– Чего я там не видела, – отмахнулась девушка на предложение погулять в первый день. Айви густо покраснел и ретировался под заливистый смех Райха.
Ребята подтягиваются ближе к вечеру и утыкаются в телефоны, в десять – ужин, обсуждение перевода. Переливание из пустого в порожнее, так как ничего внятного Раймонд о своей академии не писал:
– Поддерживаю пиццу, у меня скоро голова взорвется от адской смеси языков, которую он тут нагородил. И главное – ни о чем. Рассказывает, как важно нести знания в массы, как любит своих учеников и вести занятия. О нескольких самых одаренных подопечных расписал полторы страницы! Я уже понял, что ему было свойственно человеколюбие, но для ключа это – слишком абстрактно.
– Нужно пробовать, – дергает плечом Триш. – Если ты говоришь, что больше там ничего нет – значит, именно про чувства к ученикам нам и достаточно знать.
– Тебе не кажется это не особенно личным? – Но что-то, скрывающееся между строк, привело Раймонда в академию дель Пеллегрини, а мы уже выяснили, все нужные эмоции в дневнике: страсть отправила его в монастырь бенедиктинцев и запустила портал – из. Дальше, мальчик повзрослел и стал ученым. Сложные отношения с отцом вернули будущего мага домой и открыли путь к преподаванию, пусть вначале Раймонду пришлось вести ненавистную теософию. Постепенно из этого выросло нечто искреннее и сильное, чему даже набожная семья не смогла помешать: он все же защитил степень по философии и продолжил алхимические изыскания, вопреки воле стареющего отца. Был вынужден занять тесную университетскую квартиру, куда хуже собственного флигеля в поместье ди Алдо. Уверен, портал приведет нас туда.

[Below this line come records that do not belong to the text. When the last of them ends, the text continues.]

lemma bfirst_SomeD:
  assumes "bfirst T R d v = Some b" "R \<subseteq> verts T"
  shows "onP T R v b" "balanced T R d b" "\<And>w. onP T R v w \<Longrightarrow> balanced T R d w \<Longrightarrow> anc T b w"
proof -
  define X where "X = {w. onP T R v w \<and> balanced T R d w}"
  obtain x where "x \<in> X"
    using assms(1) unfolding bfirst_def X_def by (auto split: if_splits)
  moreover have "anc T a c \<or> anc T c a" if "a \<in> X" "c \<in> X" for a c
    using onP_linear that assms(2) unfolding X_def by blast
  ultimately obtain h where h: "h \<in> X" "\<And>y. y \<in> X \<Longrightarrow> anc T h y"
    using chain_highest by blast
  have "(THE w. onP T R v w \<and> balanced T R d w \<and>
            (\<forall>w'. onP T R v w' \<and> balanced T R d w' \<longrightarrow> anc T w w')) = h"
    by (rule the_equality) (use h anc_antisym in \<open>auto simp: X_def\<close>)
  then have "bfirst T R d v = Some h"
    using h unfolding bfirst_def X_def by auto
  then show "onP T R v b" "balanced T R d b" "\<And>w. onP T R v w \<Longrightarrow> balanced T R d w \<Longrightarrow> anc T b w"
    using assms(1) h unfolding X_def by auto
qed

lemma bfirst_NoneD: "bfirst T R d v = None \<Longrightarrow> onP T R v w \<Longrightarrow> \<not> balanced T R d w"
  unfolding bfirst_def by (auto split: if_splits)

lemma cv_in: "cv T d R x \<Longrightarrow> R \<subseteq> verts T \<Longrightarrow> x \<in> R"
  by (induction rule: cv.induct) (auto simp: Rsub_def dest: bfirst_SomeD onP_in)

lemma card_lt_if_bfirst_None:
  assumes "rooted_subtree T Q q" "bfirst T Q d q = None"
  shows "real (card Q) < d"
proof -
  have "Q \<subseteq> verts T" "q \<in> Q"
    using assms(1) unfolding rooted_subtree_def by auto
  then have "\<not> balanced T Q d (lend T Q q)" "lcsize T Q (lend T Q q) = 0"
    using lend_spec bfirst_NoneD[OF assms(2)] by (auto simp: lcsize_def)
  then show ?thesis
    by (simp add: balanced_def)
qed

text \<open>The parent of b on the leftmost path is not d-balanced, so the subtree below b
  misses fewer than d vertices of Q.\<close>

lemma card_outside_bfirst_lt:
  assumes "rooted_subtree T Q q" "bfirst T Q d q = Some b" "b \<noteq> q"
  shows "real (card (Q - Rsub T Q b)) < d"
proof -
  have Qv: "Q \<subseteq> verts T"
    using assms(1) unfolding rooted_subtree_def by auto
  note b = bfirst_SomeD[OF assms(2) Qv]
  obtain p where p: "onP T Q q p" "has_lc T Q p" "b = lc T p"
    using onP_prev b(1) assms(3) by blast
  have pv: "p \<in> verts T"
    using p(1) onP_in Qv by blast
  have "\<not> balanced T Q d p"
    using b(3)[OF p(1)] lc_anc[OF p(2) pv] lc_neq[OF p(2) pv] p(3) anc_antisym by blast
  then have "real (card (Rsub T Q b)) > real (card Q) - d"
    unfolding balanced_def lcsize_def using p by simp
  moreover have "card (Q - Rsub T Q b) = card Q - card (Rsub T Q b)"
    using finite_subset_verts[OF Qv] by (intro card_Diff_subset) (auto simp: Rsub_def finite_subset)
  moreover have "card (Rsub T Q b) \<le> card Q"
    using finite_subset_verts[OF Qv] by (intro card_mono) (auto simp: Rsub_def)
  ultimately show ?thesis
    by (simp add: of_nat_diff)
qed

lemma Rsub_child_psubset:
  assumes "rooted_subtree T Q q" "b \<in> Q" "w \<in> children T b" "anc T w y" "y \<in> Q"
  shows "w \<in> Q" "Rsub T Q w \<subset> Q"
proof -
  have w: "parent T w = b" "w \<in> verts T" "w \<noteq> root T"
    using assms(3) in_children_iff by auto
  then have bw: "anc T b w" "w \<noteq> b"
    using anc_parent[OF w(2,3)] parent_neq[OF w(2,3)] by auto
  have "anc T q w"
    using anc_trans[OF _ bw(1)] assms(1,2) unfolding rooted_subtree_def by blast
  then show "w \<in> Q"
    using rooted_subtree_convex[OF assms(1) _ assms(4,5)] by blast
  have "b \<notin> Rsub T Q w"
    using anc_antisym[OF bw(1)] bw(2) unfolding Rsub_def by blast
  then show "Rsub T Q w \<subset> Q"
    using assms(2) unfolding Rsub_def by blast
qed

lemma card_comp_minus_cv_not_below_lt:
  assumes "rooted_subtree T Q q" "bfirst T Q d q = Some b" "y \<in> Q" "\<not> cv T d Q y" "\<not> anc T b y"
  shows "real (card (comp T (Q - {x. cv T d Q x}) y)) < d"
proof -
  have Qv: "Q \<subseteq> verts T"
    using assms(1) unfolding rooted_subtree_def by blast
  have "b \<noteq> q"
    using assms(1,3,5) unfolding rooted_subtree_def by blast
  have "cv T d Q b"
    using cv_here[OF assms(2)[folded rooted_subtree_rt[OF assms(1)]]] .
  then have "comp T (Q - {x. cv T d Q x}) y \<subseteq> {z. \<not> anc T b z}"
    by (intro comp_not_below[OF assms(5)]) blast
  moreover have "comp T (Q - {x. cv T d Q x}) y \<subseteq> Q - {x. cv T d Q x}"
    using assms(3,4) by (intro comp_subset) blast
  ultimately have "comp T (Q - {x. cv T d Q x}) y \<subseteq> Q - Rsub T Q b"
    unfolding Rsub_def by blast
  moreover have "finite (Q - Rsub T Q b)"
    using finite_subset_verts[OF Qv] by blast
  ultimately have "card (comp T (Q - {x. cv T d Q x}) y) \<le> card (Q - Rsub T Q b)"
    by (rule card_mono[rotated])
  then show ?thesis
    using card_outside_bfirst_lt[OF assms(1,2) \<open>b \<noteq> q\<close>] by linarith
qed

lemma comp_minus_cv_below_child:
  assumes "rooted_subtree T Q q" "bfirst T Q d q = Some b" "w \<in> children T b" "w \<in> Q"
    and "anc T w y" "y \<in> Q" "\<not> cv T d Q y"
  shows "comp T (Q - {x. cv T d Q x}) y \<subseteq> comp T (Rsub T Q w - {x. cv T d (Rsub T Q w) x}) y"
proof -
  have some_b: "bfirst T Q d (rt T Q) = Some b"
    using assms(2) rooted_subtree_rt[OF assms(1)] by simp
  have "parent T w = b"
    using assms(3) in_children_iff by blast
  then have "cv T d Q (parent T w)"
    using cv_here[OF some_b] by simp
  then have "comp T (Q - {x. cv T d Q x}) y \<subseteq> {z. anc T w z}"
    by (intro comp_below[OF assms(5)]) blast
  moreover have "comp T (Q - {x. cv T d Q x}) y \<subseteq> Q - {x. cv T d Q x}"
    using assms(6,7) by (intro comp_subset) blast
  ultimately have "comp T (Q - {x. cv T d Q x}) y \<subseteq> Rsub T Q w"
    unfolding Rsub_def by blast
  moreover have "\<not> cv T d (Rsub T Q w) x" if "\<not> cv T d Q x" for x
    using cv_rec[OF some_b assms(4,3)] that by blast
  then have "(Q - {x. cv T d Q x}) \<inter> Rsub T Q w \<subseteq> Rsub T Q w - {x. cv T d (Rsub T Q w) x}"
    by blast
  ultimately show ?thesis
    by (rule comp_restrict)
qed

text \<open>A component below b = b_d(rt Q) lies in the subtree of a child of b, where CV recurses;
  a component not below b avoids the heavy subtree below b.\<close>

lemma card_comp_minus_cv_lt:
  "rooted_subtree T Q q \<Longrightarrow> y \<in> Q \<Longrightarrow> \<not> cv T d Q y
    \<Longrightarrow> real (card (comp T (Q - {x. cv T d Q x}) y)) < d"
proof (induction "card Q" arbitrary: Q q y rule: less_induct)
  case less
  have Qv: "Q \<subseteq> verts T"
    using less.prems(1) unfolding rooted_subtree_def by blast
  have fQ: "finite Q"
    using finite_subset_verts[OF Qv] .
  show ?case
  proof (cases "bfirst T Q d q")
    case None
    have "comp T (Q - {x. cv T d Q x}) y \<subseteq> Q"
      using comp_subset[of y "Q - {x. cv T d Q x}"] less.prems(2,3) by blast
    then have "card (comp T (Q - {x. cv T d Q x}) y) \<le> card Q"
      using card_mono[OF fQ] by blast
    then show ?thesis
      using card_lt_if_bfirst_None[OF less.prems(1) None] by linarith
  next
    case (Some b)
    show ?thesis
    proof (cases "anc T b y")
      case True
      have "cv T d Q b" "b \<in> Q"
        using Some rooted_subtree_rt[OF less.prems(1)] cv_in Qv by (auto intro: cv_here)
      then obtain w where w: "w \<in> children T b" "anc T w y"
        using ex_child_anc True less.prems(3) by blast
      note wQ = Rsub_child_psubset[OF less.prems(1) \<open>b \<in> Q\<close> w less.prems(2)]
      define Qw where "Qw = Rsub T Q w"
      have "Qw \<subset> Q"
        using wQ(2) unfolding Qw_def .
      then have "card Qw < card Q"
        using fQ by (rule psubset_card_mono[rotated])
      moreover have "rooted_subtree T Qw w" "y \<in> Qw" "\<not> cv T d Qw y"
        using rooted_subtree_Rsub[OF less.prems(1) wQ(1)] w(2) less.prems(2,3)
          cv_rec[OF Some[folded rooted_subtree_rt[OF less.prems(1)]] wQ(1) w(1)]
        unfolding Qw_def Rsub_def by auto
      ultimately have IH: "real (card (comp T (Qw - {x. cv T d Qw x}) y)) < d"
        using less.hyps by blast
      have "comp T (Qw - {x. cv T d Qw x}) y \<subseteq> Q"
        using comp_subset[of y "Qw - {x. cv T d Qw x}"] \<open>y \<in> Qw\<close> \<open>\<not> cv T d Qw y\<close> \<open>Qw \<subset> Q\<close>
        by blast
      then have "card (comp T (Q - {x. cv T d Q x}) y) \<le> card (comp T (Qw - {x. cv T d Qw x}) y)"
        using comp_minus_cv_below_child[OF less.prems(1) Some w(1) wQ(1) w(2) less.prems(2,3)]
          finite_subset[OF _ fQ] unfolding Qw_def by (intro card_mono) auto
      then show ?thesis
        using IH by linarith
    qed (use card_comp_minus_cv_not_below_lt[OF less.prems(1) Some less.prems(2,3)] in blast)
  qed
qed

– Я не знаю, – девушка утаскивает со стола переведенные страницы и закрывает глаза, касаясь губами листков. Уголок пергамента шевелится от дыхания, Айви забывает про игрушку в телефоне. Триш улыбается, гладит старую бумагу:
– Ему было тепло писать об этом. Я бы попробовала завтра… счастье, просто счастье. Он ведь был по-настоящему счастлив в академии.

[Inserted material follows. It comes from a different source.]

(* Let $N\ge3$, $\mathcal H_{\boldsymbol n,\nu}$ an irreducible unitary representation of $\mathrm{SO}^\circ(N,1)$ and $f=\sum f(\boldsymbol k,\kappa)u(\boldsymbol k,\kappa)\in\mathcal H_{\boldsymbol n,\nu}$. Define $g=\sum_{\lambda\in\Lambda}\sum_{\boldsymbol p\in M_\lambda}g(\boldsymbol p,\lambda)u(\boldsymbol p,\lambda)$ by $g(\boldsymbol m-e_k,\lambda)=\sum_{\boldsymbol k\in M_\lambda}\frac{f(\boldsymbol k,\lambda)}{A^-_k(\boldsymbol m,\lambda)}\mathcal D^{\boldsymbol m,\lambda}(\boldsymbol k,\lambda)$ if $N=2k$, and with $B^-_k$ in place of $A^-_k$ if $N=2k+1$ (for all $\boldsymbol m$ with $\boldsymbol m-e_k\in M_\lambda$), assuming the series involved converge. Then $g$ is a formal solution of $Xg=f$ (i.e. the coefficients of $Xg$, computed formally from the action of $X$ on the basis, equal those of $f$) if and only if $\mathcal D^{\boldsymbol m,\lambda}(f)=0$ for all $(\boldsymbol m,\lambda)$ with $\lambda\in\Lambda$ and $\boldsymbol m\in\lfloor M_\lambda\rfloor$.
   Context: Let $N\ge 3$ and $k=\lfloor N/2\rfloor$, $G=\mathrm{SO}^\circ(N,1)$, $X=\begin{pmatrix}\mathbf 0_N&e_N\\ e_N^t&0\end{pmatrix}$, $K=\mathrm{SO}(N)$, $M=\mathrm{SO}(N-1)$ the centralizer of $X$ in $K$. Representations (Hirai). Irreducible unitary representations $\mathcal H_{\boldsymbol n,\nu}$ are indexed by integers $\boldsymbol n$ and a complex $\nu$: for $N=2k$, $\boldsymbol n=(n_1,\dots,n_{k-1})$, $0\le n_1\le\dots\le n_{k-1}$; for $N=2k+1$, $\boldsymbol n=(n_1,\dots,n_k)$, $|n_1|\le n_2\le\dots\le n_k$; $\nu\in i\mathbb R_{\ge0}$ (principal series), or $\nu$ real in $(0,\frac{N-1}2]$ (complementary series and end-points), or $\nu\in\mathbb Z_{>0}-\frac12$ (discrete series, $N$ even). $\lceil\boldsymbol n\rceil$ is the last entry of $\boldsymbol n$. The $K$-types are $\mathcal H_{\boldsymbol m}$, each with multiplicity one, for $\boldsymbol m=(m_1,\dots,m_k)\in\mathbb Z^k$ in the set $M_{\boldsymbol n}$ defined by $|m_1|\le n_1\le m_2\le n_2\le\dots\le n_{k-1}\le m_k$ ($N=2k$), resp. $|n_1|\le m_1\le n_2\le m_2\le\dots\le n_k\le m_k$ ($N=2k+1$); $\lceil\boldsymbol m\rceil:=m_k$. $\mathcal H_{\boldsymbol m}$ has an orthonormal Gelfand–Cejtlin basis, adapted to $\mathrm{SO}(N)\supset\mathrm{SO}(N-1)=M\supset\dots\supset\mathrm{SO}(2)$, indexed by the set $\Lambda_{\boldsymbol m}$ of integer arrays $\lambda=(\lambda^{(i)}_j)_{1\le i\le N-2,\,1\le j\le\lceil i/2\rceil}$ such that, with $\lambda^{(N-1)}:=\boldsymbol m$, for each $1\le i\le N-2$: if $i=2p-1$, $|\lambda^{(i)}_1|\le\lambda^{(i+1)}_1\le\lambda^{(i)}_2\le\dots\le\lambda^{(i)}_p\le\lambda^{(i+1)}_p$; if $i=2p$, $|\lambda^{(i+1)}_1|\le\lambda^{(i)}_1\le\lambda^{(i+1)}_2\le\dots\le\lambda^{(i)}_p\le\lambda^{(i+1)}_{p+1}$. $\lceil\lambda\rceil$ is the last entry of the top row $\lambda^{(N-2)}$. This gives an orthonormal basis $\{u(\boldsymbol m,\lambda)\}$ of $\mathcal H_{\boldsymbol n,\nu}$; write $f=\sum f(\boldsymbol m,\lambda)u(\boldsymbol m,\lambda)$. Let $\Lambda=\bigcup_{\boldsymbol m}\Lambda_{\boldsymbol m}$, $M_\lambda=\{\boldsymbol m\in M_{\boldsymbol n}:\lambda\in\Lambda_{\boldsymbol m}\}$, $m_\lambda=\min\{\lceil\boldsymbol m\rceil:\boldsymbol m\in M_\lambda\}=\max\{\lceil\boldsymbol n\rceil,\lceil\lambda\rceil\}$, and $\lfloor M_\lambda\rfloor=\{\boldsymbol m\in M_\lambda:\lceil\boldsymbol m\rceil=m_\lambda\}$. Action of $X$. For $N=2k$: $Xu(\boldsymbol m,\lambda)=\sum_{j=1}^k A^-_j(\boldsymbol m,\lambda)u(\boldsymbol m-e_j,\lambda)+\sum_{j=1}^kA^+_j(\boldsymbol m,\lambda)u(\boldsymbol m+e_j,\lambda)$, where $e_j$ is the standard basis of $\mathbb Z^k$, $A^-_j(\boldsymbol m,\lambda)=A^+_j(\boldsymbol m-e_j,\lambda)$, and, with $x_r=\lambda^{(2k-2)}_r+r$, $y_j=m_j+j-1$, $z_r=n_r+r-\frac12$, $A_j^+(\boldsymbol m,\lambda)=\frac12\Big(\frac{\prod_{r=1}^{k-1}[(x_r-\frac12)^2-(y_j+\frac12)^2][z_r^2-(y_j+\frac12)^2]\cdot[\nu^2-(y_j+\frac12)^2]}{\prod_{r\ne j}(y_r^2-y_j^2)[y_r^2-(y_j+1)^2]}\Big)^{1/2}$ when $j=k$ or $m_j\ne m_{j+1}$, and $0$ otherwise (terms with indices outside the admissible range vanish). For $N=2k+1$: $Xu(\boldsymbol m,\lambda)=\sum_jB^-_j(\boldsymbol m,\lambda)u(\boldsymbol m-e_j,\lambda)+C(\boldsymbol m,\lambda)u(\boldsymbol m,\lambda)+\sum_jB^+_j(\boldsymbol m,\lambda)u(\boldsymbol m+e_j,\lambda)$, $B^-_j(\boldsymbol m,\lambda)=B^+_j(\boldsymbol m-e_j,\lambda)$, and with $x_r=\lambda^{(2k-1)}_r+r-1$, $y_j=m_j+j$, $z_r=n_r+r-1$: $B^+_j=\Big(\frac{\prod_{r=1}^k(x_r^2-y_j^2)\prod_{r=1}^k(z_r^2-y_j^2)(\nu^2-y_j^2)}{y_j^2(4y_j^2-1)\prod_{r\ne j}(y_r^2-y_j^2)[(y_r-1)^2-y_j^2]}\Big)^{1/2}$, $C=\frac{(\prod_{r=1}^kx_r)(\prod_{r=1}^kz_r)\nu}{\prod_{r=1}^ky_r(y_r-1)}$. The functionals $\mathcal D^{\boldsymbol m,\lambda}$. Fix $\lambda\in\Lambda$. For $N=2k$ and $\boldsymbol m,\boldsymbol k\in M_\lambda$, $\mathcal P(\boldsymbol m,\boldsymbol k)$ is the set of sequences $p=(p(1),\dots,p(l+1))$ in $M_\lambda$, $p(1)=\boldsymbol m$, $p(l+1)=\boldsymbol k$, $|p|:=l\ge0$, with steps $h(s)=p(s+1)-p(s)\in\{e_k\pm e_j:1\le j\le k-1\}\cup\{2e_k\}$; weights $\alpha_{e_k\pm e_j}(\boldsymbol p)=A^\pm_j(\boldsymbol p,\lambda)/A^-_k(\boldsymbol p+e_k\pm e_j,\lambda)$, $\alpha_{2e_k}(\boldsymbol p)=A^+_k(\boldsymbol p,\lambda)/A^-_k(\boldsymbol p+2e_k,\lambda)$; $\mathcal D^{\boldsymbol m,\lambda}(\boldsymbol k,\lambda)=\sum_{p\in\mathcal P(\boldsymbol m,\boldsymbol k)}(-1)^{|p|}\prod_{s=1}^{|p|}\alpha_{h(s)}(p(s))$. For $N=2k+1$, use instead the set $\widetilde{\mathcal P}(\boldsymbol m,\boldsymbol k)$ where steps may also be $e_k$, with weights $\beta_{e_k\pm e_j}(\boldsymbol p)=B^\pm_j(\boldsymbol p,\lambda)/B^-_k(\boldsymbol p+e_k\pm e_j,\lambda)$, $\beta_{e_k}(\boldsymbol p)=C(\boldsymbol p,\lambda)/B^-_k(\boldsymbol p+e_k,\lambda)$, $\beta_{2e_k}(\boldsymbol p)=B^+_k(\boldsymbol p,\lambda)/B^-_k(\boldsymbol p+2e_k,\lambda)$. Empty sums are $0$, empty products $1$ (so $\mathcal D^{\boldsymbol m,\lambda}(\boldsymbol m,\lambda)=1$). Set $\mathcal D^{\boldsymbol m,\lambda}(\boldsymbol k,\kappa)=0$ for $\kappa\ne\lambda$ and $\mathcal D^{\boldsymbol m,\lambda}(f)=\sum_{\kappa\in\Lambda}\sum_{\boldsymbol k\in M_\kappa}f(\boldsymbol k,\kappa)\mathcal D^{\boldsymbol m,\lambda}(\boldsymbol k,\kappa)$. *)

theory Defs
  imports "HOL-Analysis.Analysis"
begin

– Вдруг сработает? – Соглашается-спрашивает Айви, глядя на девушку.
– Давайте завтра пойдем? – Выпрямляется Тиу. На широком лице – оживление. Надоел Рим или хочется снова открыть портал? Счастье – его стихия.
Моя тоже, но здесь я не помощник.
Все достаточно яркие воспоминания испорчены виной, а фантазии просто не хватает.
– Да, утром выдвигаемся, – и впервые собираемся быстро, никого не ждем. Наскоро перекусываем в ресторане при отеле и торопимся заскочить в ближайшее белое пятно – набивший оскомину Пантеон, – а затем едем до особняка, где раньше жил Лукреций ди Алдо, а сейчас открыли музей. Не особенно популярный, судя по пустоте залов. Конечно: ось портала всегда частично активна и отпугивает посторонних. Мне резко становится не по себе – стоит переступить порог флигеля. Ребята бледнеют, стихают разговоры.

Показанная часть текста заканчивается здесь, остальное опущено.